Мальчик на причале поднялся на ноги, в одной руке у него было желтое ведерко, в другой нож. К нему метнулась чайка, и он взмахнул рукой с ножом и уже повернулся, чтобы подниматься по сходням, но тут показался мужчина, который бодрой походкой направлялся вниз.

– Сынок, положи нож в ведро, – крикнул мужчина, и мальчик так и сделал, очень аккуратно, а потом ухватился за поручни и двинулся вверх, навстречу отцу. Он был еще маленький – настолько маленький, что взял отца за руку. Они вместе заглянули в ведро, потом сели в грузовик и уехали.

Кевин, наблюдая за всем этим из машины, подумал: «Хорошо», и под этим «хорошо» он подразумевал, что ничего не почуствовал, глядя на все это, на отца и сына. «У очень многих людей нет семьи, – говорил доктор Голдстейн, почесывая свою белую бороду, а потом без тени смущения стряхивая то, что осыпалось ему на грудь. – Но при этом у них все же есть дом». И спокойно складывал руки на большом животе.

По пути сюда, к воде, Кевин проехал мимо дома своего детства.
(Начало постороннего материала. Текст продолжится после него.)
(* Let $\Omega\subset\mathbb{R}^2$ be a smooth bounded domain, $(u_p)_{p>1}$ solutions of $-\Delta u=|u|^{p-1}u$ in $\Omega$, $u=0$ on $\partial\Omega$, with $p\int_\Omega|\nabla u_p|^2dx\to\beta\in\mathbb{R}$, and let $k\ge1$ and families $(x_{i,p})$, $i=1,\dots,k$, with $p|u_p(x_{i,p})|^{p-1}\to+\infty$, satisfy (along a sequence $p\to+\infty$) $(\mathcal P_1^k)$, $(\mathcal P_2^k)$, $(\mathcal P_3^k)$. Let $(x_p)\subset\Omega$ with $p|u_p(x_p)|^{p-1}\to+\infty$, $\mu_p:=(p|u_p(x_p)|^{p-1})^{-1/2}$, and let $i\in\{1,\dots,k\}$ be such that (up to a sequence) $R_{k,p}(x_p)=|x_{i,p}-x_p|$. If $\frac{|x_p-x_{i,p}|}{\mu_{i,p}}\to+\infty$, then $\frac{\mu_{i,p}}{\mu_p}\to0$.
   Context: $\mu_{i,p}:=(p|u_p(x_{i,p})|^{p-1})^{-1/2}$, $R_{k,p}(x):=\min_{i\le k}|x-x_{i,p}|$, $U(x)=\log\left(\frac{1}{1+\frac18|x|^2}\right)^2$. $(\mathcal P_1^k)$: $|x_{i,p}-x_{j,p}|/\mu_{i,p}\to+\infty$ for $i\ne j$. $(\mathcal P_2^k)$: for each $i$, $v_{i,p}(x):=\frac{p}{u_p(x_{i,p})}(u_p(x_{i,p}+\mu_{i,p}x)-u_p(x_{i,p}))\to U$ in $C^1_{loc}(\mathbb{R}^2)$. $(\mathcal P_3^k)$: $\exists C>0$ with $pR_{k,p}(x)^2|u_p(x)|^{p-1}\le C$ for $p$ large and all $x\in\Omega$. *)

theory Defs
  imports "HOL-Analysis.Analysis"
begin

type_synonym R2 = "real^2"

definition pd :: "2 \<Rightarrow> (R2 \<Rightarrow> real) \<Rightarrow> R2 \<Rightarrow> real" where
  "pd j f x = frechet_derivative f (at x) (axis j 1)"

fun pds :: "2 list \<Rightarrow> (R2 \<Rightarrow> real) \<Rightarrow> R2 \<Rightarrow> real" where
  "pds [] f = f"
| "pds (j # js) f = pd j (pds js f)"

definition grad :: "(R2 \<Rightarrow> real) \<Rightarrow> R2 \<Rightarrow> R2" where
  "grad f x = (\<chi> j. pd j f x)"

definition laplacian :: "(R2 \<Rightarrow> real) \<Rightarrow> R2 \<Rightarrow> real" where
  "laplacian f x = pd 1 (pd 1 f) x + pd 2 (pd 2 f) x"

(* C^infinity on an open set: all iterated partial derivatives exist (hence are continuous) *)
definition smooth_on :: "R2 set \<Rightarrow> (R2 \<Rightarrow> real) \<Rightarrow> bool" where
  "smooth_on S f \<longleftrightarrow> (\<forall>js. \<forall>x\<in>S. pds js f differentiable (at x))"

definition C2_on :: "R2 set \<Rightarrow> (R2 \<Rightarrow> real) \<Rightarrow> bool" where
  "C2_on S f \<longleftrightarrow> (\<forall>js. length js \<le> 2 \<longrightarrow> continuous_on S (pds js f)) \<and>
                  (\<forall>js. length js \<le> 1 \<longrightarrow> (\<forall>x\<in>S. pds js f differentiable (at x)))"

definition smooth_bounded_domain :: "R2 set \<Rightarrow> bool" where
  "smooth_bounded_domain \<Omega> \<longleftrightarrow> open \<Omega> \<and> connected \<Omega> \<and> bounded \<Omega> \<and> \<Omega> \<noteq> {} \<and>
     (\<exists>\<rho>. smooth_on UNIV \<rho> \<and> \<Omega> = {x. \<rho> x < 0} \<and> (\<forall>x. \<rho> x = 0 \<longrightarrow> grad \<rho> x \<noteq> 0))"

definition lane_emden_solution :: "R2 set \<Rightarrow> real \<Rightarrow> (R2 \<Rightarrow> real) \<Rightarrow> bool" where
  "lane_emden_solution \<Omega> p u \<longleftrightarrow> C2_on \<Omega> u \<and> continuous_on (closure \<Omega>) u \<and>
     (\<forall>x\<in>frontier \<Omega>. u x = 0) \<and>
     (\<forall>x\<in>\<Omega>. - laplacian u x = \<bar>u x\<bar> powr (p - 1) * u x)"

definition U_lim :: "R2 \<Rightarrow> real" where
  "U_lim x = ln ((1 / (1 + (1/8) * norm x ^ 2)) ^ 2)"

definition mu_par :: "real \<Rightarrow> (R2 \<Rightarrow> real) \<Rightarrow> R2 \<Rightarrow> real" where
  "mu_par p u x = (p * \<bar>u x\<bar> powr (p - 1)) powr (-1/2)"

definition v_resc :: "real \<Rightarrow> (R2 \<Rightarrow> real) \<Rightarrow> R2 \<Rightarrow> R2 \<Rightarrow> real" where
  "v_resc p u c y = p / u c * (u (c + mu_par p u c *\<^sub>R y) - u c)"

definition R_dist :: "nat \<Rightarrow> (nat \<Rightarrow> R2) \<Rightarrow> R2 \<Rightarrow> real" where
  "R_dist k xs y = Min ((\<lambda>i. dist y (xs i)) ` {1..k})"

definition C1_loc_conv :: "(nat \<Rightarrow> R2 \<Rightarrow> real) \<Rightarrow> (nat \<Rightarrow> R2 set) \<Rightarrow> (R2 \<Rightarrow> real) \<Rightarrow> bool" where
  "C1_loc_conv v D V \<longleftrightarrow> (\<forall>K. compact K \<longrightarrow> (\<forall>\<epsilon>>0. eventually (\<lambda>n. \<forall>y\<in>K. y \<in> D n \<and>
       \<bar>v n y - V y\<bar> < \<epsilon> \<and> norm (grad (v n) y - grad V y) < \<epsilon>) sequentially))"

end

theory Submission
  imports Defs
begin

text \<open>Only \<open>(\<P>\<^sub>3\<^sup>k)\<close> at the point \<open>x\<^sub>p\<close> is needed: since \<open>R\<^sub>k\<^sub>,\<^sub>p(x\<^sub>p) = |x\<^sub>p - x\<^sub>i\<^sub>,\<^sub>p|\<close> and
  \<open>p|u\<^sub>p(x\<^sub>p)|\<^sup>p\<^sup>-\<^sup>1 = \<mu>\<^sub>p\<^sup>-\<^sup>2\<close>, it says \<open>|x\<^sub>p - x\<^sub>i\<^sub>,\<^sub>p| \<le> \<surd>C \<mu>\<^sub>p\<close>. Hence
  \<open>\<mu>\<^sub>i\<^sub>,\<^sub>p / \<mu>\<^sub>p \<le> \<surd>C \<mu>\<^sub>i\<^sub>,\<^sub>p / |x\<^sub>p - x\<^sub>i\<^sub>,\<^sub>p| \<rightarrow> 0\<close>.\<close>

lemma powr_minus_half_squared:
  fixes a :: real
  assumes "a > 0"
  shows "(a powr (-1/2)) ^ 2 = 1 / a"
proof -
  have "(a powr (-1/2)) ^ 2 = a powr (-1/2 + -1/2)"
    by (simp only: power2_eq_square powr_add)
  also have "\<dots> = 1 / a"
    using assms by (simp add: powr_minus_divide)
  finally show ?thesis .
qed

lemma mu_par_nonneg: "mu_par p u x \<ge> 0"
  unfolding mu_par_def by (rule powr_ge_zero)

lemma mu_par_pos:
  assumes "p * \<bar>u x\<bar> powr (p - 1) > 0"
  shows "mu_par p u x > 0"
  unfolding mu_par_def powr_gt_zero using assms by linarith

lemma dist_le_mu_par_if_scaled_bound:
  assumes pos: "p * \<bar>u x\<bar> powr (p - 1) > 0" and "d \<ge> 0"
    and bound: "p * d ^ 2 * \<bar>u x\<bar> powr (p - 1) \<le> C"
  shows "d \<le> sqrt C * mu_par p u x"
proof -
  define a where "a = p * \<bar>u x\<bar> powr (p - 1)"
  have "a > 0"
    using pos by (simp add: a_def)
  have mu_sq: "mu_par p u x ^ 2 = 1 / a"
    unfolding mu_par_def a_def [symmetric] using \<open>a > 0\<close> by (rule powr_minus_half_squared)
  have "d ^ 2 * a \<le> C"
    using bound by (simp add: a_def mult.left_commute)
  moreover have "0 \<le> d ^ 2 * a"
    using \<open>a > 0\<close> by simp
  ultimately have "C \<ge> 0"
    by linarith
  have "d ^ 2 = (d ^ 2 * a) * mu_par p u x ^ 2"
    using \<open>a > 0\<close> mu_sq by simp
  also have "\<dots> \<le> C * mu_par p u x ^ 2"
    using \<open>d ^ 2 * a \<le> C\<close> by (rule mult_right_mono) simp
  also have "\<dots> = (sqrt C * mu_par p u x) ^ 2"
    using \<open>C \<ge> 0\<close> by (simp add: power_mult_distrib)
  finally show ?thesis
    by (rule power2_le_imp_le) (simp add: \<open>C \<ge> 0\<close> mu_par_nonneg)
qed

lemma ratio_tendsto_zero_if_dist_dominates:
  fixes m M d :: "nat \<Rightarrow> real"
  assumes far: "filterlim (\<lambda>n. d n / m n) at_top sequentially"
    and m_nonneg: "\<And>n. m n \<ge> 0"
    and near: "eventually (\<lambda>n. 0 < M n \<and> d n \<le> c * M n) sequentially"
  shows "(\<lambda>n. m n / M n) \<longlonglongrightarrow> 0"
proof (rule real_tendsto_sandwich [where f = "\<lambda>_. 0" and h = "\<lambda>n. c * (m n / d n)"])
  have "(\<lambda>n. inverse (d n / m n)) \<longlonglongrightarrow> 0"
    using far by (rule tendsto_inverse_0_at_top)
  then show "(\<lambda>n. c * (m n / d n)) \<longlonglongrightarrow> 0"
    using tendsto_mult_right_zero by fastforce
  have "eventually (\<lambda>n. d n / m n > 0) sequentially"
    using far by (simp add: filterlim_at_top_dense)
  with near show "eventually (\<lambda>n. m n / M n \<le> c * (m n / d n)) sequentially"
  proof eventually_elim
    case (elim n)
    then have "d n > 0" "m n > 0" "M n > 0"
      using m_nonneg[of n] by (auto simp: zero_less_divide_iff)
    then have "m n * d n \<le> m n * (c * M n)"
      using elim by (intro mult_left_mono) auto
    with \<open>d n > 0\<close> \<open>M n > 0\<close> show ?case
      by (simp add: divide_le_eq pos_le_divide_eq ac_simps)
  qed
  show "eventually (\<lambda>n. 0 \<le> m n / M n) sequentially"
    using near by eventually_elim (simp add: m_nonneg)
qed simp

theorem proposition2p6:
  fixes \<Omega> :: "R2 set" and p :: "nat \<Rightarrow> real" and u :: "nat \<Rightarrow> R2 \<Rightarrow> real"
    and \<beta> :: real and k :: nat and xs :: "nat \<Rightarrow> nat \<Rightarrow> R2" and x :: "nat \<Rightarrow> R2" and i :: nat
  assumes dom: "smooth_bounded_domain \<Omega>"
    and p_gt1: "\<forall>n. p n > 1"
    and p_inf: "filterlim p at_top sequentially"
    and sol: "\<forall>n. lane_emden_solution \<Omega> (p n) (u n)"
    and energy_int: "\<forall>n. (\<lambda>y. norm (grad (u n) y) ^ 2) integrable_on \<Omega>"
    and energy: "(\<lambda>n. p n * integral \<Omega> (\<lambda>y. norm (grad (u n) y) ^ 2)) \<longlonglongrightarrow> \<beta>"
    and k: "k \<ge> 1"
    and xs_in: "\<forall>j\<in>{1..k}. \<forall>n. xs j n \<in> \<Omega>"
    and xs_blow: "\<forall>j\<in>{1..k}. filterlim (\<lambda>n. p n * \<bar>u n (xs j n)\<bar> powr (p n - 1)) at_top sequentially"
    and P1: "\<forall>j\<in>{1..k}. \<forall>l\<in>{1..k}. j \<noteq> l \<longrightarrow>
              filterlim (\<lambda>n. dist (xs j n) (xs l n) / mu_par (p n) (u n) (xs j n)) at_top sequentially"
    and P2: "\<forall>j\<in>{1..k}. C1_loc_conv (\<lambda>n. v_resc (p n) (u n) (xs j n))
              (\<lambda>n. {y. xs j n + mu_par (p n) (u n) (xs j n) *\<^sub>R y \<in> \<Omega>}) U_lim"
    and P3: "\<exists>C>0. eventually (\<lambda>n. \<forall>y\<in>\<Omega>.
              p n * (R_dist k (\<lambda>j. xs j n) y) ^ 2 * \<bar>u n y\<bar> powr (p n - 1) \<le> C) sequentially"
    and x_in: "\<forall>n. x n \<in> \<Omega>"
    and x_blow: "filterlim (\<lambda>n. p n * \<bar>u n (x n)\<bar> powr (p n - 1)) at_top sequentially"
    and i: "i \<in> {1..k}"
    and R_eq: "\<forall>n. R_dist k (\<lambda>j. xs j n) (x n) = dist (xs i n) (x n)"
    and far: "filterlim (\<lambda>n. dist (x n) (xs i n) / mu_par (p n) (u n) (xs i n)) at_top sequentially"
  shows "(\<lambda>n. mu_par (p n) (u n) (xs i n) / mu_par (p n) (u n) (x n)) \<longlonglongrightarrow> 0"
proof -
  obtain C where bound: "eventually (\<lambda>n. \<forall>y\<in>\<Omega>.
      p n * (R_dist k (\<lambda>j. xs j n) y) ^ 2 * \<bar>u n y\<bar> powr (p n - 1) \<le> C) sequentially"
    using P3 by blast
  have "eventually (\<lambda>n. p n * \<bar>u n (x n)\<bar> powr (p n - 1) > 0) sequentially"
    using x_blow by (simp add: filterlim_at_top_dense)
  with bound have near: "eventually (\<lambda>n. 0 < mu_par (p n) (u n) (x n) \<and>
      dist (x n) (xs i n) \<le> sqrt C * mu_par (p n) (u n) (x n)) sequentially"
  proof eventually_elim
    case (elim n)
    then have "p n * dist (x n) (xs i n) ^ 2 * \<bar>u n (x n)\<bar> powr (p n - 1) \<le> C"
      using x_in R_eq by (metis dist_commute)
    then show ?case
      using elim(2) by (blast intro: mu_par_pos dist_le_mu_par_if_scaled_bound zero_le_dist)
  qed
  show ?thesis
    using ratio_tendsto_zero_if_dist_dominates [OF far mu_par_nonneg near] .
qed

end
Дорога так и осталась грунтовой, с глубокими выбоинами, но среди леса выросло несколько новых домов. Стволы деревьев должны были бы стать вдвое толще, они, наверное, и стали, но лес все равно остался таким, каким Кевин его помнил: густым, спутанным, корявым. Неровный лоскут неба показался между макушками, когда он повернул на холм, туда, где был его дом. Он понял, что не ошибся поворотом, когда увидел сарай – темно-красный сарай возле дома – и прямо рядом с ним гранитную скалу, которая казалась ему высоченной горой, когда он взбирался на нее в своих детских кроссовках. Скала была на месте – и дом тоже, но только он был перестроен: появилась терраса, исчезла старая кухня. Ну естественно, они захотели, чтоб от кухни и следа не осталось. Острая обида кольнула его, потом исчезла. Он сбросил скорость, внимательно вглядываясь, ища признаки того, что тут есть дети. Но не увидел ни велосипедов, ни качелей, ни баскетбольного кольца, ни домика на дереве – только горшок с розовым бальзамином, подвешенный у входной двери.

Сразу пришло облегчение, оно ощущалось где-то под ребрами, словно легкое касание волны в отлив, – утешительное спокойствие. На заднем сиденье лежало одеяло, и он все равно им воспользуется, даже если никаких детей в доме нет. Прямо сейчас в это одеяло было завернуто ружье, но когда он вернется (это будет скоро, пока чувство облегчения еще прикасается, совсем легонько, к той внутренней черноте, которую он ощущал все это долгое время в пути), он будет лежать на сосновой хвое, под этим одеялом. Если его обнаружит мужчина, живущий в этом доме, то и ладно. А если женщина, повесившая у двери розовый бальзамин? Пусть. Она-то не будет смотреть долго, сразу отвернется. Но ребенок – ну нет, Кевин не мог вынести мысль, что какой-нибудь ребенок обнаружит то, что обнаружил он; потребность его матери уничтожить собственную жизнь оказалась столь огромной и непреодолимой, что остатки ее телесности разлетелись по всей кухне. Выбрось это из головы, приказал он себе и поехал дальше, оставив дом позади. Выбрось из головы. Лес на месте, а это все, что нужно, чтобы улечься на сосновую хвою, прижаться к тонкой, ломкой коре кедра, увидеть иголки лиственницы над головой, увидеть вокруг ярко-зеленые распахнутые листья ландышей. Прячущиеся белые цветки птицемлечника, дикие фиалки. Все это показывала ему мама.